- **Study material**
lemma component_edge_iff:
  assumes "{x, y} \<in> F" "x \<in> V" "y \<in> V"
  shows "x \<in> component V F u \<longleftrightarrow> y \<in> component V F u"
proof -
  have "(x, y) \<in> adj_rel F" "(y, x) \<in> adj_rel F"
    using assms(1) by (auto simp: adj_rel_def insert_commute)
  hence "(u, x) \<in> (adj_rel F)\<^sup>* \<longleftrightarrow> (u, y) \<in> (adj_rel F)\<^sup>*"
    by (meson rtrancl.rtrancl_into_rtrancl)
  thus ?thesis using assms(2,3) unfolding component_def by blast
qed

lemma rtrancl_adj_rel_insert:
  assumes "(x, z) \<in> (adj_rel (insert {a, b} F))\<^sup>*"
  defines "R \<equiv> (adj_rel F)\<^sup>*"
  shows "(x, z) \<in> R \<or> (x, a) \<in> R \<and> (b, z) \<in> R \<or> (x, b) \<in> R \<and> (a, z) \<in> R"
  using assms(1)
proof (induction rule: rtrancl_induct)
  case base
  show ?case by (simp add: R_def)
next
  case (step y z)
  show ?case
  proof (cases "(y, z) \<in> adj_rel F")
    case True
    then show ?thesis using step.IH unfolding R_def by (meson rtrancl.rtrancl_into_rtrancl)
  next
    case False
    with step.hyps(2) have "y = a \<and> z = b \<or> y = b \<and> z = a"
      by (auto simp: adj_rel_def doubleton_eq_iff)
    then show ?thesis using step.IH adj_rel_rtrancl_sym rtrancl_trans unfolding R_def by blast
  qed
qed

definition graph_components :: "nat set \<Rightarrow> nat set set \<Rightarrow> nat set set" where
  "graph_components V F = component V F ` V"
(* Let $A=A_s+A_d\epsilon\in\mathbb{D}^{m\times n}$. Then the DMPGI of the essential part $A_e$ exists and $$A^G=A_e^D.$$ In particular, if all nonzero singular values of $A$ are appreciable, then the DMPGI $A^D$ exists and $A^D=A^G$; otherwise $A^D$ does not exist and $A^G$ is the DMPGI of $A_e$.
   Context: A dual real number is $a=a_s+a_d\epsilon$ with $a_s,a_d\in\mathbb R$, $\epsilon\neq0$, $\epsilon^2=0$; appreciable if $a_s\neq0$, infinitesimal otherwise; ordered by $a>b$ iff $a_s>b_s$, or $a_s=b_s$ and $a_d>b_d$. A dual real matrix is $A=A_s+A_d\epsilon$ with real $A_s,A_d$; $A^\top=A_s^\top+A_d^\top\epsilon$; orthogonal means $U^\top U=UU^\top=I$. Every $A\in\mathbb{D}^{m\times n}$ has an SVD $A=U\Sigma V^\top$ with $U,V$ orthogonal dual real matrices and $\Sigma$ diagonal with entries $\mu_1\ge\dots\ge\mu_r$ positive appreciable, $\mu_{r+1}\ge\dots\ge\mu_t$ positive infinitesimal, and zeros (unique). The essential part is $A_e=U\begin{bmatrix}\mathrm{diag}(\mu_1,\dots,\mu_r)&O\\O&O\end{bmatrix}V^\top$. The GMPI $A^G$ is the unique $X$ with $AXA=A_e$, $XAX=X$, $(AX)^\top=AX$, $(XA)^\top=XA$. The DMPGI $A^D$ of a dual real matrix $B$ is a matrix $X$ satisfying $BXB=B$, $XBX=X$, $(BX)^\top=BX$, $(XB)^\top=XB$ (when it exists). *)

theory Defs
  imports "Jordan_Normal_Form.Matrix"
begin

text \<open>Dual real numbers a = a_s + a_d eps are represented as pairs (a_s, a_d).
  Dual real m x n matrices A = A_s + A_d eps are represented as pairs (A_s, A_d)
  of real m x n matrices.\<close>

type_synonym dual = "real \<times> real"
type_synonym dmat = "real mat \<times> real mat"

definition dual_le :: "dual \<Rightarrow> dual \<Rightarrow> bool" where
  "dual_le a b \<longleftrightarrow> fst a < fst b \<or> (fst a = fst b \<and> snd a \<le> snd b)"

definition dcarrier :: "nat \<Rightarrow> nat \<Rightarrow> dmat set" where
  "dcarrier m n = {A. fst A \<in> carrier_mat m n \<and> snd A \<in> carrier_mat m n}"

definition dmult :: "dmat \<Rightarrow> dmat \<Rightarrow> dmat" where
  "dmult A B = (fst A * fst B, fst A * snd B + snd A * fst B)"

definition dtrans :: "dmat \<Rightarrow> dmat" where
  "dtrans A = (transpose_mat (fst A), transpose_mat (snd A))"

definition dident :: "nat \<Rightarrow> dmat" where
  "dident k = (1\<^sub>m k, 0\<^sub>m k k)"

definition dentry :: "dmat \<Rightarrow> nat \<Rightarrow> nat \<Rightarrow> dual" where
  "dentry A i j = (fst A $$ (i, j), snd A $$ (i, j))"

definition dorthogonal :: "nat \<Rightarrow> dmat \<Rightarrow> bool" where
  "dorthogonal k U \<longleftrightarrow> U \<in> dcarrier k k \<and>
     dmult (dtrans U) U = dident k \<and> dmult U (dtrans U) = dident k"

text \<open>SVD A = U S V^T: S diagonal with entries non-increasing (dual order) and
  nonnegative, i.e. positive appreciable ones, then positive infinitesimal ones, then zeros.\<close>
definition dsvd :: "nat \<Rightarrow> nat \<Rightarrow> dmat \<Rightarrow> dmat \<Rightarrow> dmat \<Rightarrow> dmat \<Rightarrow> bool" where
  "dsvd m n A U S V \<longleftrightarrow>
     A \<in> dcarrier m n \<and> dorthogonal m U \<and> dorthogonal n V \<and> S \<in> dcarrier m n \<and>
     (\<forall>i<m. \<forall>j<n. i \<noteq> j \<longrightarrow> dentry S i j = (0, 0)) \<and>
     (\<forall>i<min m n. dual_le (0, 0) (dentry S i i)) \<and>
     (\<forall>i j. i \<le> j \<and> j < min m n \<longrightarrow> dual_le (dentry S j j) (dentry S i i)) \<and>
     A = dmult (dmult U S) (dtrans V)"

definition app_part :: "nat \<Rightarrow> nat \<Rightarrow> dmat \<Rightarrow> dmat" where
  "app_part m n S = (mat m n (\<lambda>(i, j). fst S $$ (i, j)),
                     mat m n (\<lambda>(i, j). if fst S $$ (i, j) \<noteq> 0 then snd S $$ (i, j) else 0))"

definition ess_part :: "nat \<Rightarrow> nat \<Rightarrow> dmat \<Rightarrow> dmat \<Rightarrow> dmat \<Rightarrow> dmat" where
  "ess_part m n U S V = dmult (dmult U (app_part m n S)) (dtrans V)"

definition is_DMPGI :: "nat \<Rightarrow> nat \<Rightarrow> dmat \<Rightarrow> dmat \<Rightarrow> bool" where
  "is_DMPGI m n B X \<longleftrightarrow> X \<in> dcarrier n m \<and>
     dmult (dmult B X) B = B \<and> dmult (dmult X B) X = X \<and>
     dtrans (dmult B X) = dmult B X \<and> dtrans (dmult X B) = dmult X B"

definition is_GMPI :: "nat \<Rightarrow> nat \<Rightarrow> dmat \<Rightarrow> dmat \<Rightarrow> dmat \<Rightarrow> bool" where
  "is_GMPI m n A Ae X \<longleftrightarrow> X \<in> dcarrier n m \<and>
     dmult (dmult A X) A = Ae \<and> dmult (dmult X A) X = X \<and>
     dtrans (dmult A X) = dmult A X \<and> dtrans (dmult X A) = dmult X A"

end

theory Submission
  imports Defs
begin

text \<open>Both the GMPI equations of \<open>A\<close> and the Moore--Penrose equations of \<open>A\<^sub>e\<close> are instances of
  \<open>M X M = N, X M X = X\<close> with symmetric \<open>M X\<close>, \<open>X M\<close>, and these equations are invariant under
  orthogonal equivalence \<open>M \<mapsto> U M V\<^sup>T\<close>, \<open>X \<mapsto> V X U\<^sup>T\<close>.  So with \<open>A = U S V\<^sup>T\<close> everything reduces to the
  diagonal factor \<open>S\<close>, where the equations decouple entrywise.  For diagonal entries
  \<open>s\<^sub>i = a\<^sub>i + b\<^sub>i \<epsilon>\<close> and right-hand side the appreciable part of \<open>S\<close>, the unique solution is the diagonal
  matrix with entries \<open>1/a\<^sub>i - (b\<^sub>i/a\<^sub>i\<^sup>2) \<epsilon>\<close> where \<open>a\<^sub>i \<noteq> 0\<close> and \<open>0\<close> elsewhere; it depends only on the
  appreciable part, so the same matrix solves the equations of \<open>A\<^sub>e\<close>.  If some \<open>s\<^sub>k = b\<^sub>k \<epsilon>\<close> is a
  nonzero infinitesimal, the \<open>(k,k)\<close> entry of \<open>S Y S\<close> is \<open>0\<close> for every \<open>Y\<close>, so \<open>A\<close> has no DMPGI.\<close>

section \<open>Dual matrix algebra\<close>

lemma dcarrier_dims:
  "A \<in> dcarrier m n \<Longrightarrow>
     dim_row (fst A) = m \<and> dim_col (fst A) = n \<and> dim_row (snd A) = m \<and> dim_col (snd A) = n"
  by (auto simp: dcarrier_def)

lemma dmult_carrier [intro]: "A \<in> dcarrier m n \<Longrightarrow> B \<in> dcarrier n p \<Longrightarrow> dmult A B \<in> dcarrier m p"
  by (auto simp: dcarrier_def dmult_def)

lemma dtrans_carrier [intro]: "A \<in> dcarrier m n \<Longrightarrow> dtrans A \<in> dcarrier n m"
  by (auto simp: dcarrier_def dtrans_def)

lemma dtrans_dtrans [simp]: "dtrans (dtrans A) = A"
  by (simp add: dtrans_def)

lemma dmult_dident_left: "A \<in> dcarrier m n \<Longrightarrow> dmult (dident m) A = A"
  by (cases A) (auto simp: dmult_def dident_def dcarrier_def)

lemma dmult_dident_right: "A \<in> dcarrier m n \<Longrightarrow> dmult A (dident n) = A"
  by (cases A) (auto simp: dmult_def dident_def dcarrier_def)

lemma dmult_assoc:
  assumes "A \<in> dcarrier m n" "B \<in> dcarrier n p" "C \<in> dcarrier p q"
  shows "dmult (dmult A B) C = dmult A (dmult B C)"
proof -
  obtain A1 A2 B1 B2 C1 C2 where ABC: "A = (A1, A2)" "B = (B1, B2)" "C = (C1, C2)"
    by (metis prod.exhaust)
  have c: "A1 \<in> carrier_mat m n" "A2 \<in> carrier_mat m n" "B1 \<in> carrier_mat n p"
    "B2 \<in> carrier_mat n p" "C1 \<in> carrier_mat p q" "C2 \<in> carrier_mat p q"
    using assms ABC by (auto simp: dcarrier_def)
  have "(A1 * B2 + A2 * B1) * C1 = A1 * B2 * C1 + A2 * B1 * C1"
    using c by (meson add_mult_distrib_mat mult_carrier_mat)
  moreover have "A1 * (B1 * C2 + B2 * C1) = A1 * (B1 * C2) + A1 * (B2 * C1)"
    using c by (meson mult_add_distrib_mat mult_carrier_mat)
  ultimately have "A1 * B1 * C2 + (A1 * B2 + A2 * B1) * C1 = A1 * (B1 * C2 + B2 * C1) + A2 * (B1 * C1)"
    using c by (simp add: assoc_mult_mat[of _ m n _ p _ q] assoc_add_mat[of _ m q])
  then show ?thesis
    using ABC c by (simp add: dmult_def assoc_mult_mat[of _ m n _ p _ q])
qed

text \<open>A form of associativity whose side conditions the simplifier can discharge.\<close>

lemma dmult_assoc_dims:
  assumes "dim_row (snd A) = dim_row (fst A)" "dim_col (snd A) = dim_col (fst A)"
    "dim_row (snd B) = dim_row (fst B)" "dim_col (snd B) = dim_col (fst B)"
    "dim_row (snd C) = dim_row (fst C)" "dim_col (snd C) = dim_col (fst C)"
    "dim_col (fst A) = dim_row (fst B)" "dim_col (fst B) = dim_row (fst C)"
  shows "dmult (dmult A B) C = dmult A (dmult B C)"
proof -
  have "A \<in> dcarrier (dim_row (fst A)) (dim_col (fst A))"
    "B \<in> dcarrier (dim_col (fst A)) (dim_col (fst B))"
    "C \<in> dcarrier (dim_col (fst B)) (dim_col (fst C))"
    using assms unfolding dcarrier_def carrier_mat_def by simp_all
  then show ?thesis by (rule dmult_assoc)
qed

lemma dims_dmult [simp]:
  "dim_row (fst (dmult A B)) = dim_row (fst A)" "dim_col (fst (dmult A B)) = dim_col (fst B)"
  "dim_row (snd (dmult A B)) = dim_row (snd A)" "dim_col (snd (dmult A B)) = dim_col (fst B)"
  by (simp_all add: dmult_def)

lemma dims_dtrans [simp]:
  "dim_row (fst (dtrans A)) = dim_col (fst A)" "dim_col (fst (dtrans A)) = dim_row (fst A)"
  "dim_row (snd (dtrans A)) = dim_col (snd A)" "dim_col (snd (dtrans A)) = dim_row (snd A)"
  by (simp_all add: dtrans_def)

lemmas dmult_normalize = dmult_assoc_dims dims_dmult dims_dtrans

lemma dtrans_dmult:
  assumes "A \<in> dcarrier m n" "B \<in> dcarrier n p"
  shows "dtrans (dmult A B) = dmult (dtrans B) (dtrans A)"
proof -
  obtain A1 A2 B1 B2 where AB: "A = (A1, A2)" "B = (B1, B2)"
    by (metis prod.exhaust)
  have c: "A1 \<in> carrier_mat m n" "A2 \<in> carrier_mat m n" "B1 \<in> carrier_mat n p" "B2 \<in> carrier_mat n p"
    using assms AB by (auto simp: dcarrier_def)
  have "transpose_mat (A1 * B2 + A2 * B1)
      = transpose_mat B2 * transpose_mat A1 + transpose_mat B1 * transpose_mat A2"
    using c by (simp add: transpose_add[of _ m p] transpose_mult[of _ m n])
  also have "\<dots> = transpose_mat B1 * transpose_mat A2 + transpose_mat B2 * transpose_mat A1"
    using c by (meson comm_add_mat mult_carrier_mat transpose_carrier_mat)
  finally show ?thesis
    using AB c by (simp add: dtrans_def dmult_def transpose_mult[of _ m n])
qed

lemma dtrans_orth_conj:
  assumes U: "U \<in> dcarrier p q" and Z: "Z \<in> dcarrier q q"
  shows "dtrans (dmult (dmult U Z) (dtrans U)) = dmult (dmult U (dtrans Z)) (dtrans U)"
proof -
  have "dtrans (dmult (dmult U Z) (dtrans U)) = dmult U (dmult (dtrans Z) (dtrans U))"
    using dtrans_dmult[OF dmult_carrier[OF U Z] dtrans_carrier[OF U]] dtrans_dmult[OF U Z] by simp
  also have "\<dots> = dmult (dmult U (dtrans Z)) (dtrans U)"
    using dmult_assoc[OF U dtrans_carrier[OF Z] dtrans_carrier[OF U]] by simp
  finally show ?thesis .
qed

section \<open>Orthogonal equivalence\<close>

lemma dorthogonal_carrier: "dorthogonal k U \<Longrightarrow> U \<in> dcarrier k k"
  by (simp add: dorthogonal_def)

lemma dorthogonal_dtrans: "dorthogonal k U \<Longrightarrow> dorthogonal k (dtrans U)"
  by (auto simp: dorthogonal_def)

lemma dorthogonal_cancel_left:
  assumes U: "dorthogonal p U" and Z: "Z \<in> dcarrier p k"
  shows "dmult (dtrans U) (dmult U Z) = Z" "dmult U (dmult (dtrans U) Z) = Z"
proof -
  have "U \<in> dcarrier p p" "dtrans U \<in> dcarrier p p"
    using U by (auto simp: dorthogonal_def)
  then show "dmult (dtrans U) (dmult U Z) = Z" "dmult U (dmult (dtrans U) Z) = Z"
    using U Z dmult_assoc[of "dtrans U" p p U p Z k] dmult_assoc[of U p p "dtrans U" p Z k]
    by (simp_all add: dorthogonal_def dmult_dident_left)
qed

lemma dorthogonal_cancel_right:
  assumes U: "dorthogonal p U" and Z: "Z \<in> dcarrier k p"
  shows "dmult (dmult Z (dtrans U)) U = Z" "dmult (dmult Z U) (dtrans U) = Z"
proof -
  have "U \<in> dcarrier p p" "dtrans U \<in> dcarrier p p"
    using U by (auto simp: dorthogonal_def)
  then show "dmult (dmult Z (dtrans U)) U = Z" "dmult (dmult Z U) (dtrans U) = Z"
    using U Z dmult_assoc[of Z k p "dtrans U" p U p] dmult_assoc[of Z k p U p "dtrans U" p]
    by (simp_all add: dorthogonal_def dmult_dident_right)
qed

lemma dorthogonal_cancel_left_dims:
  assumes "dorthogonal p U" "dim_row (fst Z) = p" "dim_row (snd Z) = p"
    "dim_col (snd Z) = dim_col (fst Z)"
  shows "dmult (dtrans U) (dmult U Z) = Z" "dmult U (dmult (dtrans U) Z) = Z"
  using dorthogonal_cancel_left[OF assms(1), of Z "dim_col (fst Z)"] assms
  by (auto simp: dcarrier_def)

- **How to complete this task**
Restate word for word the lines in the material above from the one with "dcarrier (dim_col (fst A))" to the one with "transpose_mat A1 +"; both of those lines count, and nothing else does.

- **Finished exercise**
    "B \<in> dcarrier (dim_col (fst A)) (dim_col (fst B))"
    "C \<in> dcarrier (dim_col (fst B)) (dim_col (fst C))"
    using assms unfolding dcarrier_def carrier_mat_def by simp_all
  then show ?thesis by (rule dmult_assoc)
qed

lemma dims_dmult [simp]:
  "dim_row (fst (dmult A B)) = dim_row (fst A)" "dim_col (fst (dmult A B)) = dim_col (fst B)"
  "dim_row (snd (dmult A B)) = dim_row (snd A)" "dim_col (snd (dmult A B)) = dim_col (fst B)"
  by (simp_all add: dmult_def)

lemma dims_dtrans [simp]:
  "dim_row (fst (dtrans A)) = dim_col (fst A)" "dim_col (fst (dtrans A)) = dim_row (fst A)"
  "dim_row (snd (dtrans A)) = dim_col (snd A)" "dim_col (snd (dtrans A)) = dim_row (snd A)"
  by (simp_all add: dtrans_def)

lemmas dmult_normalize = dmult_assoc_dims dims_dmult dims_dtrans

lemma dtrans_dmult:
  assumes "A \<in> dcarrier m n" "B \<in> dcarrier n p"
  shows "dtrans (dmult A B) = dmult (dtrans B) (dtrans A)"
proof -
  obtain A1 A2 B1 B2 where AB: "A = (A1, A2)" "B = (B1, B2)"
    by (metis prod.exhaust)
  have c: "A1 \<in> carrier_mat m n" "A2 \<in> carrier_mat m n" "B1 \<in> carrier_mat n p" "B2 \<in> carrier_mat n p"
    using assms AB by (auto simp: dcarrier_def)
  have "transpose_mat (A1 * B2 + A2 * B1)
      = transpose_mat B2 * transpose_mat A1 + transpose_mat B1 * transpose_mat A2"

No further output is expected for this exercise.